Mike: “Art is certainly a healthy outlet of expression and dark imagery in and of itself is a far cry from requiring parental or societal concern. I spend the vast majority of my time illustrating scenes of depression, violence, depravity, murder, and suicide, but more as a condemnation of such acts and less a reflection of personal interests. I’m sure there are hordes of psychiatrists and professors who are much more knowledgeable on the topic, but in my experience morbid imagery is not an inherent sign of mental health issues. At the very least, however, the fact that the question is asked is a good sign as well. Though it would be more fitting to go directly to the artist and ask why their imagery is so dark and what it means, but any concern shows that there’s at least one person looking out for their well being.”

What are some of your newest upcoming projects we should be on the look out for?
Mike: “I can’t say much of what I’m working on, both because some of them have yet to be announced and because I don’t like to confirm what I’m doing until it’s done. I’ve had plenty of jobs fall through for one reason or another, so until it’s done anything could go wrong. The one that I can say, however, is that I’m doing the next Rosetta EP layout. The sketch for that was approved, now it’s just a matter of finishing it.”

What inspired your website’s name “the fat kid illustration”?
Mike: “Because I’m fat.
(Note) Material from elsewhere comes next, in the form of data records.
(* Assume the setting below and one of: (g) general missingness ($M_i(1),M_i(0)\in\{0,1\}$ arbitrary constants, possibly depending on the potential outcomes); (mp) $M_i(1)\ge M_i(0)$ for all $i$; (mn) $M_i(1)\le M_i(0)$ for all $i$. For $\boldsymbol\delta\in\mathbb R^n$ define $\tilde{\boldsymbol Y}^{\square}_{\boldsymbol Z,\boldsymbol\delta}(0)\in\overline{\mathbb R}^n$, $\square\in\{\texttt g,\texttt{mp},\texttt{mn}\}$, coordinatewise by: for $Z_i=1,M_i=1$ all three equal $Y_i-\delta_i$; for $Z_i=0,M_i=1$ all three equal $Y_i$; for $Z_i=1,M_i=0$ they equal $-\infty$ ($\texttt g$), $+\infty$ ($\texttt{mp}$), $-\infty$ ($\texttt{mn}$); for $Z_i=0,M_i=0$ they equal $+\infty$ ($\texttt g$), $+\infty$ ($\texttt{mp}$), $-\infty$ ($\texttt{mn}$). Let $\mathcal J=\{i:Z_i=M_i=1\}$, $n_{11}=|\mathcal J|$, and write $\mathcal J=\{j_1,\dots,j_{n_{11}}\}$ with $\psi_{j_{l+1},j_l}(Y_{j_{l+1}},Y_{j_l})=1$ for $1\le l<n_{11}$; for $1\le L\le n_{11}$ let $\mathcal J_L=\{j_{n_{11}-L+1},\dots,j_{n_{11}}\}$ and $\mathcal J_0=\emptyset$. Fix $\kappa>0$. For $1\le k\le n_1$, $c\in\mathbb R$ define $\boldsymbol\xi_{k,c}\in\mathbb R^n$ by $\xi_{k,c,i}=\max_{l:Z_l=M_l=1}Y_l-\min_{l:Z_l=0,M_l=1}Y_l+\kappa$ if $i\in\mathcal J_{\min\{n_1-k,n_{11}\}}$ and $\xi_{k,c,i}=c$ otherwise. Then, with $\square$ the label of the assumed mechanism, $$\tilde p^{\square}_{\texttt t,k,c}:=G_{\mathrm R,\phi}\big(t_{\mathrm R,\phi}(\boldsymbol Z,\tilde{\boldsymbol Y}^{\square}_{\boldsymbol Z,\boldsymbol\xi_{k,c}}(0))\big)$$ is a valid p-value for $H^{\texttt t}_{k,c}:\sum_{i=1}^nZ_i\mathbf 1\{\tau_i>c\}\le n_1-k$ (equivalently, the $k$-th smallest individual effect among treated units is $\le c$), in the sense that $\mathbb P\big(\tilde p^{\square}_{\texttt t,k,c}\le\alpha\text{ and }H^{\texttt t}_{k,c}\text{ holds}\big)\le\alpha$ for all $\alpha\in(0,1)$.
   Context: There are $n$ units. Unit $i$ has fixed potential outcomes $Y_i^\star(0),Y_i^\star(1)\in\mathbb R$ and fixed potential missingness indicators $M_i(0),M_i(1)\in\{0,1\}$; $\tau_i=Y_i^\star(1)-Y_i^\star(0)$. The assignment $\boldsymbol Z\in\{0,1\}^n$ is drawn from a completely randomized experiment (CRE): for fixed positive integers $n_1,n_0$, $n_1+n_0=n$, $\boldsymbol Z$ is uniform over vectors in $\{0,1\}^n$ with exactly $n_1$ ones, independently of all potential outcomes and missingness indicators; probabilities are over $\boldsymbol Z$. Observed missingness $M_i=Z_iM_i(1)+(1-Z_i)M_i(0)$; the realized outcome $Z_iY_i^\star(1)+(1-Z_i)Y_i^\star(0)$ is observed, and denoted $Y_i$, only when $M_i=1$. The null $H^{\texttt t}_{k,c}$ is an event depending on $\boldsymbol Z$. $\overline{\mathbb R}=\mathbb R\cup\{\pm\infty\}$; $\psi_{i,j}(y,y')=\mathbf 1\{y>y'\}+\mathbf 1\{y=y'\}\mathbf 1\{i\ge j\}$; $\mathrm{rank}_i(\boldsymbol y)=\sum_j\psi_{i,j}(y_i,y_j)$. $\phi$ is a fixed nondecreasing real function on the nonnegative integers. $t_{\mathrm R,\phi}(\boldsymbol z,\boldsymbol y)$ is either $\sum_i z_i\phi(\mathrm{rank}_i(\boldsymbol y))$ or $\sum_i z_i\phi\big(\sum_j(1-z_j)\psi_{i,j}(y_i,y_j)\big)$; the result holds for either. $G_{\mathrm R,\phi}(c)=\mathbb P(t_{\mathrm R,\phi}(\boldsymbol A,\boldsymbol y_0)\ge c)$ with $\boldsymbol A$ from the CRE and $\boldsymbol y_0\in\mathbb R^n$ any fixed vector (independent of $\boldsymbol y_0$). *)

theory Defs
  imports Main "HOL-Library.Extended_Real"
begin

text \<open>Units are indexed by {0..<n}. An assignment is the set of treated units.\<close>

datatype mechanism = Mech_g | Mech_mp | Mech_mn

datatype stat_form = Rank_All | Rank_Ctrl

definition psi :: "nat \<Rightarrow> nat \<Rightarrow> 'a::linorder \<Rightarrow> 'a \<Rightarrow> nat" where
  "psi i j y y' = (if y > y' then 1 else if y = y' \<and> i \<ge> j then 1 else 0)"

definition rank :: "nat \<Rightarrow> (nat \<Rightarrow> 'a::linorder) \<Rightarrow> nat \<Rightarrow> nat" where
  "rank n y i = (\<Sum>j<n. psi i j (y i) (y j))"

definition tstat :: "stat_form \<Rightarrow> (nat \<Rightarrow> real) \<Rightarrow> nat \<Rightarrow> nat set \<Rightarrow> (nat \<Rightarrow> 'a::linorder) \<Rightarrow> real" where
  "tstat form phi n Z y =
     (case form of
        Rank_All \<Rightarrow> (\<Sum>i\<in>{..<n} \<inter> Z. phi (rank n y i))
      | Rank_Ctrl \<Rightarrow> (\<Sum>i\<in>{..<n} \<inter> Z. phi (\<Sum>j\<in>{..<n} - Z. psi i j (y i) (y j))))"

definition cre_space :: "nat \<Rightarrow> nat \<Rightarrow> nat set set" where
  "cre_space n n1 = {Z. Z \<subseteq> {..<n} \<and> card Z = n1}"

definition prob_cre :: "nat \<Rightarrow> nat \<Rightarrow> (nat set \<Rightarrow> bool) \<Rightarrow> real" where
  "prob_cre n n1 P = real (card {Z \<in> cre_space n n1. P Z}) / real (card (cre_space n n1))"

text \<open>Null distribution tail G_{R,phi}(c), computed at a fixed real vector y0.\<close>
definition G_tail :: "stat_form \<Rightarrow> (nat \<Rightarrow> real) \<Rightarrow> nat \<Rightarrow> nat \<Rightarrow> (nat \<Rightarrow> real) \<Rightarrow> real \<Rightarrow> real" where
  "G_tail form phi n n1 y0 c = prob_cre n n1 (\<lambda>A. tstat form phi n A (\<lambda>i. ereal (y0 i)) \<ge> c)"

text \<open>Observed missingness indicator M_i (True = outcome observed) and realized outcome.\<close>
definition obsM :: "(nat \<Rightarrow> bool) \<Rightarrow> (nat \<Rightarrow> bool) \<Rightarrow> nat set \<Rightarrow> nat \<Rightarrow> bool" where
  "obsM M1 M0 Z i = (if i \<in> Z then M1 i else M0 i)"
I’ve used the name for over a decade now and I don’t see myself dropping it any time soon. I’m also bored of people confusing my name with Mark Wahlberg, so it’s better to have something more unique to me.”

What is your ultimate goal for your visual art? Where would you like to see your career going in the next 10­15 years?
Mike: “I honestly feel that in some capacity I will be working with metal and hardcore bands for many many years to come. Despite all of the frustrations associated with working within the music industry metal will always be a very large part of my life and I can’t help but remain as excited for extreme music now as I was when I first discovered it. Outside of this though I would love to work directly on a major release video game. Video games are another passion of mine and with as many advancements both technologically and aesthetically that have been made the future of the games industry is limitless, even in the indie games community. Despite titles like Call of Duty, Battlefield, and Grand Theft Auto utterly dominating the scene in terms of sales there have been some really amazing titles that incorporate really unique art styles like BioShock, Limbo, and Broken Age.

How much of your success do you owe to the support of your very cute dog? (I’ve seen it on Instagram.)
Mike: “In all honesty I owe him so much. He is ever patient with my schedule, he forces me to go outside periodically throughout the day, he’s been the gateway for me to meet new people, and he’s always happy to sit next to me and keep me company when things get rough. I think he’s more popular than me at this point and I am perfectly fine with that.”